Data shown.
::::::::
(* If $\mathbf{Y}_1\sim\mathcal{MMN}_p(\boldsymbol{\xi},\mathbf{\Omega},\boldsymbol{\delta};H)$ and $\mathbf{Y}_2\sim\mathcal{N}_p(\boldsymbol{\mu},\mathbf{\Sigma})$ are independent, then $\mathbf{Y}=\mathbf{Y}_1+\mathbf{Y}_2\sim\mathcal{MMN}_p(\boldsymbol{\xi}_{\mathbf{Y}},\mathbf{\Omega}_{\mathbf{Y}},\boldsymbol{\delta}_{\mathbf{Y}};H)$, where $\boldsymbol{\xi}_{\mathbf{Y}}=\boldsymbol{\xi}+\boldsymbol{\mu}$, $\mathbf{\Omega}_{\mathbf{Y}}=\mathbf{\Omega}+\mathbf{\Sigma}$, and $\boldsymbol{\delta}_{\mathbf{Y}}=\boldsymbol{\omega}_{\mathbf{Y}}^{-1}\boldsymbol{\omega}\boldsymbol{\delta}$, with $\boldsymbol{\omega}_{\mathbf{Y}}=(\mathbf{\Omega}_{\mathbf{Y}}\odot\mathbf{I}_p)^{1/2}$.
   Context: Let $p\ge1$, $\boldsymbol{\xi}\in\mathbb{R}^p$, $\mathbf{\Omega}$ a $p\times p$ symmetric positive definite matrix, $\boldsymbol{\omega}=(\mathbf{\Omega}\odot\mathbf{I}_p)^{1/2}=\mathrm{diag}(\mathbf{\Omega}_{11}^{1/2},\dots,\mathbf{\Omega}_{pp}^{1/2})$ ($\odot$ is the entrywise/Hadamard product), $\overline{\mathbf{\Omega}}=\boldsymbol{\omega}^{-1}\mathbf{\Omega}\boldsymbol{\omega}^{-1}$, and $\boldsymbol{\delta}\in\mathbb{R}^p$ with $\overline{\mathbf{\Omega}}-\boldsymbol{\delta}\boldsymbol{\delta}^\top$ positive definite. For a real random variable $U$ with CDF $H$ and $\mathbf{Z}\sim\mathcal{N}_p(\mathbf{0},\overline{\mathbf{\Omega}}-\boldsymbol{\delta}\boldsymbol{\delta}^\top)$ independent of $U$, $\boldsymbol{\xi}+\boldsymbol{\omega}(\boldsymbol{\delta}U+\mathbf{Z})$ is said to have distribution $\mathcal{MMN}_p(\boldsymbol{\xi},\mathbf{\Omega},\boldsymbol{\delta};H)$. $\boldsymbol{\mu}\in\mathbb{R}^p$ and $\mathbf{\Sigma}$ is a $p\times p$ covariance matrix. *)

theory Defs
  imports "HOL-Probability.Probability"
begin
::::::::
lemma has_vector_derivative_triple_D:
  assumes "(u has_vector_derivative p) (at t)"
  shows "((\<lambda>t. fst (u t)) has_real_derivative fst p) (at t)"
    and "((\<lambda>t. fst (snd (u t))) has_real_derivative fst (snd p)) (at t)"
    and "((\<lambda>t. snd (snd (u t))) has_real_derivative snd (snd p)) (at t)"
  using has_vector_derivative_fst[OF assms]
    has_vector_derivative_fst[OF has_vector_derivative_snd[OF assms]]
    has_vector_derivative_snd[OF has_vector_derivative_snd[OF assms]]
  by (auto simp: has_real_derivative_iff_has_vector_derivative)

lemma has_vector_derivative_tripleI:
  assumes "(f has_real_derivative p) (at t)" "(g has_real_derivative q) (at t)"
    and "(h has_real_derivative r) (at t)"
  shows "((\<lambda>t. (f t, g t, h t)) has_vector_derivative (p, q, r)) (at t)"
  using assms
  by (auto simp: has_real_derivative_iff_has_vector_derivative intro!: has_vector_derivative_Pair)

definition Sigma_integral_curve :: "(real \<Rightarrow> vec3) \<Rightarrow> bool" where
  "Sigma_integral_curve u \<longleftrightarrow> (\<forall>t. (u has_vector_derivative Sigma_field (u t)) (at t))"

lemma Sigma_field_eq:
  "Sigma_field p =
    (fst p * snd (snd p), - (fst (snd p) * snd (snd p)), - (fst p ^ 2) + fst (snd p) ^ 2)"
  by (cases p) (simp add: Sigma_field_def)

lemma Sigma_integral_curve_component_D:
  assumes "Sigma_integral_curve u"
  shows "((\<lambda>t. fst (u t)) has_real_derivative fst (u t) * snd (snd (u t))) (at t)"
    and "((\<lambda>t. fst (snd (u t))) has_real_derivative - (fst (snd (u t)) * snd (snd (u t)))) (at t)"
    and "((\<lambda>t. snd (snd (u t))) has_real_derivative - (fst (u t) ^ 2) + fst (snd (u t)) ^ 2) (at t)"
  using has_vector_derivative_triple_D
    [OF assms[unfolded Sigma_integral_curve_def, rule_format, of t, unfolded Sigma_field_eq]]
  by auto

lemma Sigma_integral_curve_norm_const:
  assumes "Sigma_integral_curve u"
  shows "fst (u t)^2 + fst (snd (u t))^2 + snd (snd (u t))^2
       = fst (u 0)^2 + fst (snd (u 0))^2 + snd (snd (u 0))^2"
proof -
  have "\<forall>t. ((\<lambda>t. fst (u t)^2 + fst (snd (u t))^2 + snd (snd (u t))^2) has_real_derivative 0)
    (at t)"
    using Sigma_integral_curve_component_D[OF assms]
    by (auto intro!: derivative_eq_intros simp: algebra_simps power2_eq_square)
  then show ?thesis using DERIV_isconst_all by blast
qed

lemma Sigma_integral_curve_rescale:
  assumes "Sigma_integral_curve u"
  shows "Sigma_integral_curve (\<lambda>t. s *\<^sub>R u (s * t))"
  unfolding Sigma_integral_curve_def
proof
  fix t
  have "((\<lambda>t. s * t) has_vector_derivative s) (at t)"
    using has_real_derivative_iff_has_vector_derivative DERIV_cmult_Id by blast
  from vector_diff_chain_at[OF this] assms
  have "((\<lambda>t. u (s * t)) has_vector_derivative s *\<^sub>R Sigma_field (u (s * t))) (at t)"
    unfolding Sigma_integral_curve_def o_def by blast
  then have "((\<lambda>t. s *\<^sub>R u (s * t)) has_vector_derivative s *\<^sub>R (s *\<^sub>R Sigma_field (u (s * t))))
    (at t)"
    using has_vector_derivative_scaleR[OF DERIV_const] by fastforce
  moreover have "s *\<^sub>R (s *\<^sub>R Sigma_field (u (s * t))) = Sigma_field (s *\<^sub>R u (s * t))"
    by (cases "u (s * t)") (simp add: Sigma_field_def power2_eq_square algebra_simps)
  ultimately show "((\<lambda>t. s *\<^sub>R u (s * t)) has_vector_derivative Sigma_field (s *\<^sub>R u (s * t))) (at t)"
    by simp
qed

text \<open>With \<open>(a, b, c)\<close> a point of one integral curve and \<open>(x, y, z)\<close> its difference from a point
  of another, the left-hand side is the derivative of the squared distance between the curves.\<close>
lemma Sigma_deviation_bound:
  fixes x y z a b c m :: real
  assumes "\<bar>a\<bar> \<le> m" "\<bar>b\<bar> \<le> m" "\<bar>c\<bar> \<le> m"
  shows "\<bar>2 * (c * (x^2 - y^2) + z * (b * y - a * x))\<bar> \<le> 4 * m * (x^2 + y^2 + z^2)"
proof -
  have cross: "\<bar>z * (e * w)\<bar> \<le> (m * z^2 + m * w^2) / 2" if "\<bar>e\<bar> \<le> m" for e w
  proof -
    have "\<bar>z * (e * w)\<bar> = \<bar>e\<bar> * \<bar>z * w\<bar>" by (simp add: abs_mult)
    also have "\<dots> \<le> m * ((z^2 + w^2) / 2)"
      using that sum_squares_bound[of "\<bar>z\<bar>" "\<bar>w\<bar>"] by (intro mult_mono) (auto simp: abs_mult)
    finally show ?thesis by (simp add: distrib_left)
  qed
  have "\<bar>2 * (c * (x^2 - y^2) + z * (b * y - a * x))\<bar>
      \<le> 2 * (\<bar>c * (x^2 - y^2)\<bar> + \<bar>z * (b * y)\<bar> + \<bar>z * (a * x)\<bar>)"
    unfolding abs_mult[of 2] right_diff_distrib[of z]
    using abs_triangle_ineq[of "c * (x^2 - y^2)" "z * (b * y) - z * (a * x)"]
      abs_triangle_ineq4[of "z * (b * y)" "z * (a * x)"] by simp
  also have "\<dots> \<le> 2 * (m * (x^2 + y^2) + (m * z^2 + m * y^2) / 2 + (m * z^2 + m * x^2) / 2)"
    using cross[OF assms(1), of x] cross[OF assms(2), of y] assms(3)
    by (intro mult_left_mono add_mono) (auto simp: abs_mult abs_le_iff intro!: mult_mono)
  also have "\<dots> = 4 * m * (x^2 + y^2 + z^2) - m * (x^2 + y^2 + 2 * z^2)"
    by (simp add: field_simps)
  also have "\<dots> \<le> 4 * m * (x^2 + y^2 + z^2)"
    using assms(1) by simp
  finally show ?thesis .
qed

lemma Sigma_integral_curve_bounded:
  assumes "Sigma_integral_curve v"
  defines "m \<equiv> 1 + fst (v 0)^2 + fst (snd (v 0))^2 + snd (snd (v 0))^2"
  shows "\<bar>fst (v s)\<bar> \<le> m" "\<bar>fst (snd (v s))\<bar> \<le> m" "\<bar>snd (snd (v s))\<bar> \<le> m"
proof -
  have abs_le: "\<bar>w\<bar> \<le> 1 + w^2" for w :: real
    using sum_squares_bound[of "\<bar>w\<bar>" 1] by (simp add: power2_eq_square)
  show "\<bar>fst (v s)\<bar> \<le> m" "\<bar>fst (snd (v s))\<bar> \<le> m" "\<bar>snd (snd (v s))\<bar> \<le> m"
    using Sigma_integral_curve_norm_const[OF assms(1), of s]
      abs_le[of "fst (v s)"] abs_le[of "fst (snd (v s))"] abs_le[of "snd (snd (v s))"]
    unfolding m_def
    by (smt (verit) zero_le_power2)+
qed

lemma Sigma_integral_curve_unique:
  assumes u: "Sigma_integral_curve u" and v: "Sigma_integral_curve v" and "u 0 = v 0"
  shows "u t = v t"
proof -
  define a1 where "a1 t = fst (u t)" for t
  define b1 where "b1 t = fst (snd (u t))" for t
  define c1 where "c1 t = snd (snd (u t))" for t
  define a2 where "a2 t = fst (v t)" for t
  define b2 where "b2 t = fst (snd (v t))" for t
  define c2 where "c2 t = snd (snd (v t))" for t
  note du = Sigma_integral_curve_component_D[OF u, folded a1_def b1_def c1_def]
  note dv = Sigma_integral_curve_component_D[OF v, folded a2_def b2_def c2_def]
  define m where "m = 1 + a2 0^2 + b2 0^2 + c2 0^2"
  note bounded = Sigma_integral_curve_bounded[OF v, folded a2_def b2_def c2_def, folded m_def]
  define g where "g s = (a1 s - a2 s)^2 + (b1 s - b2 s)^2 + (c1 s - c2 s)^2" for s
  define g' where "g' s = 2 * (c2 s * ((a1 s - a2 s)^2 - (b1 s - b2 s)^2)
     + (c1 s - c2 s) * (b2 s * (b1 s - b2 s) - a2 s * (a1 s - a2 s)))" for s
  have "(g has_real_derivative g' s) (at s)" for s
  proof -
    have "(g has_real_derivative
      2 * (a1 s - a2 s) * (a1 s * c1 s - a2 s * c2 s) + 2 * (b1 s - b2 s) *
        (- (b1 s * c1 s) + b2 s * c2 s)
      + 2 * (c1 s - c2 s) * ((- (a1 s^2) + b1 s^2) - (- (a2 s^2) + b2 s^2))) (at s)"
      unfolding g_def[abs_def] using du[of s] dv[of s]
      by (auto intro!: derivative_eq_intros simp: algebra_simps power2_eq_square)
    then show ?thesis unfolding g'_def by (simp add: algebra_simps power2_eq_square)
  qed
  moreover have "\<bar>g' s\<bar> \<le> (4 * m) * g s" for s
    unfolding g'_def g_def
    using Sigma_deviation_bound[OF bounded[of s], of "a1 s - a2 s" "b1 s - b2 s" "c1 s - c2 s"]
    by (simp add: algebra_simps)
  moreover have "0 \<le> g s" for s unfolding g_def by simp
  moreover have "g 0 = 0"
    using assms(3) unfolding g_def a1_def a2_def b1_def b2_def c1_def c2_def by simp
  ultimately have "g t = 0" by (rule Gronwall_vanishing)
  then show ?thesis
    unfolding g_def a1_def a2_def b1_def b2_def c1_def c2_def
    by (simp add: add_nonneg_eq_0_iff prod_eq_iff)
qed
::::::::
Exercise directions. In the records above, locate the lines holding the word "unfolding". Copy each of them.

Output below.
  unfolding Sigma_integral_curve_def
    unfolding Sigma_integral_curve_def o_def by blast
    unfolding abs_mult[of 2] right_diff_distrib[of z]
    unfolding m_def
      unfolding g_def[abs_def] using du[of s] dv[of s]
    then show ?thesis unfolding g'_def by (simp add: algebra_simps power2_eq_square)
    unfolding g'_def g_def
  moreover have "0 \<le> g s" for s unfolding g_def by simp
    using assms(3) unfolding g_def a1_def a2_def b1_def b2_def c1_def c2_def by simp
    unfolding g_def a1_def a2_def b1_def b2_def c1_def c2_def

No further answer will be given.